Лондон приобрел известность еще и тем, что предоставлял право убежища многим политическим эмигрантам.

В конце пятидесятых годов прошлого века в этом городе родился первенец русской вольной, бесцензурной прессы «Колокол», издававшийся Герценом и Огаревым. Это он бил в набат, гул которого проникал в казематы Шлиссельбурга и Петропавловки. «Колокол» явился предшественником русской социал‑демократической печати. В нем широко освещались вопросы теории и практики прогрессивного общественного движения. С его страниц звучал громкий голос в защиту бесправных и угнетенных. Он звал к борьбе против царского самодержавия.

С 1849 года в Лондоне жил К. Маркс, руководивший отсюда международным рабочим движением. Здесь появился его гениальный труд «Капитал». В 1870 году в Лондон переехал Ф. Энгельс и прожил тут до самой кончины (1895 г.).

В 1864 году в Лондоне был основан I Интернационал, и до 1872 года здесь находился Генеральный совет Интернационала. В этом городе нашли приют уцелевшие после кровавой «майской недели» 1871 года парижские коммунары.

Да, много сторон лондонской жизни предстало перед Лениным пасмурным и дождливым апрельским днем 1902 года, когда он впервые прибыл в столицу Англии.

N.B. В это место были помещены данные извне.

lemma icube_col_in: "icube R n k lam A \<Longrightarrow> j < k \<Longrightarrow> vec_in R n (col A j)"
  unfolding icube_def vec_in_def by auto

lemma is_R_basis_mem: "is_R_basis R n I b L \<Longrightarrow> j \<in> I \<Longrightarrow> b j \<in> L"
  unfolding is_R_basis_def by blast

lemma icube_residual_in_orth_lattice:
  assumes R: "int_or_gaussian R" and A: "icube R n k lam A" and "0 < k"
    and a: "vec_in R n a"
    and orth_A: "\<And>m. 0 < m \<Longrightarrow> m < k \<Longrightarrow> cinner (col A m) a = 0"
  shows "complex_of_real lam \<cdot>\<^sub>v a - cinner (col A 0) a \<cdot>\<^sub>v col A 0 \<in> orth_lattice R n k A"
proof -
  define L where "L = complex_of_real lam"
  define s where "s = cinner (col A 0) a"
  have a1: "vec_in R n (col A 0)" using icube_col_in[OF A \<open>0 < k\<close>] .
  have A_cols: "cinner (col A m) (col A 0) = (if m = 0 then L else 0)" if "m < k" for m
    using A that \<open>0 < k\<close> unfolding icube_def L_def by auto
  have "L \<in> R" using A_cols[of 0] \<open>0 < k\<close> int_or_gaussian_cinner[OF R a1 a1] by simp
  have "s \<in> R" unfolding s_def using int_or_gaussian_cinner[OF R a1 a] .
  show ?thesis
    unfolding orth_lattice_def vec_in_def L_def[symmetric] s_def[symmetric]
  proof (intro CollectI conjI allI impI)
    show "dim_vec (L \<cdot>\<^sub>v a - s \<cdot>\<^sub>v col A 0) = n" using a1 unfolding vec_in_def by simp
    fix i assume "i < n"
    then show "(L \<cdot>\<^sub>v a - s \<cdot>\<^sub>v col A 0) $ i \<in> R"
      using a a1 \<open>L \<in> R\<close> \<open>s \<in> R\<close> unfolding vec_in_def
      by (simp add: int_or_gaussian_diff[OF R] int_or_gaussian_mult[OF R])
  next
    fix m assume "m < k"
    then have "vec_in R n (col A m)" by (rule icube_col_in[OF A])
    then show "cinner (col A m) (L \<cdot>\<^sub>v a - s \<cdot>\<^sub>v col A 0) = 0"
      using a a1 A_cols[OF \<open>m < k\<close>] orth_A[OF _ \<open>m < k\<close>] unfolding vec_in_def s_def
      by (cases "m = 0") (simp_all add: cinner_diff_right cinner_smult_right)
  qed
qed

Никогда не иссякнет в людях стремление глубже познать гений Ленина, ленинские идеи, полнее и ярче представить все этапы и отдельные периоды, в том числе и лондонский, его жизненного пути. Каждая страница ленинской биографии значительна и близка нам. Вот почему вызывают такой интерес у людей те места, где Ленин жил и работал. Обнажив голову, стоял я у этих дорогих мест.

 

Глава VIII

НА ФРОНТАХ «ХОЛОДНОЙ ВОЙНЫ»

 

Кто ее породил? «Взлет» Эйзенхауэра. На совещании четырех. Георгий Константинович Жуков. Ворошилов – известный и малоизвестный. Маршалы Малиновский и Гречко. Еще о двух полководцах. Адмирал флота. Доктрина вмешательства и крен от нее. Запоздалое прозрение Эйзенхауэра. Даллес – кто он? На последней ступени его служебной лестницы. Мировая война не фатальна. С Хрущевым по Америке. Угрозы США по адресу Кубы. В Белом доме с Кеннеди. Поиск и успех компромисса. «Нестандартный» корреспондент. Человек‑легенда. Позорная война. Осуществленная мечта Хо Ши Мина. Раск не любил «паблисити».

 

Из Лондона в Москву я вернулся в апреле 1953 года. На новом посту в качестве первого заместителя министра иностранных дел СССР мне довелось проработать до февраля 1957 года. Возвращению я радовался, почувствовал, можно сказать, физически правоту известного афоризма: «Дома и стены помогают». Такое же волнующее чувство я испытал и в августе 1948 года, когда прибыл на Родину из США, где находился более восьми лет.

 

Кто ее породил?

 

Шли годы. «Холодная война» стала реальностью. Следуя курсу на «отбрасывание коммунизма», политике «балансирования на грани войны», открыто провозгласив «дипломатию силы», США вызвали своими действиями резкое усиление международной напряженности.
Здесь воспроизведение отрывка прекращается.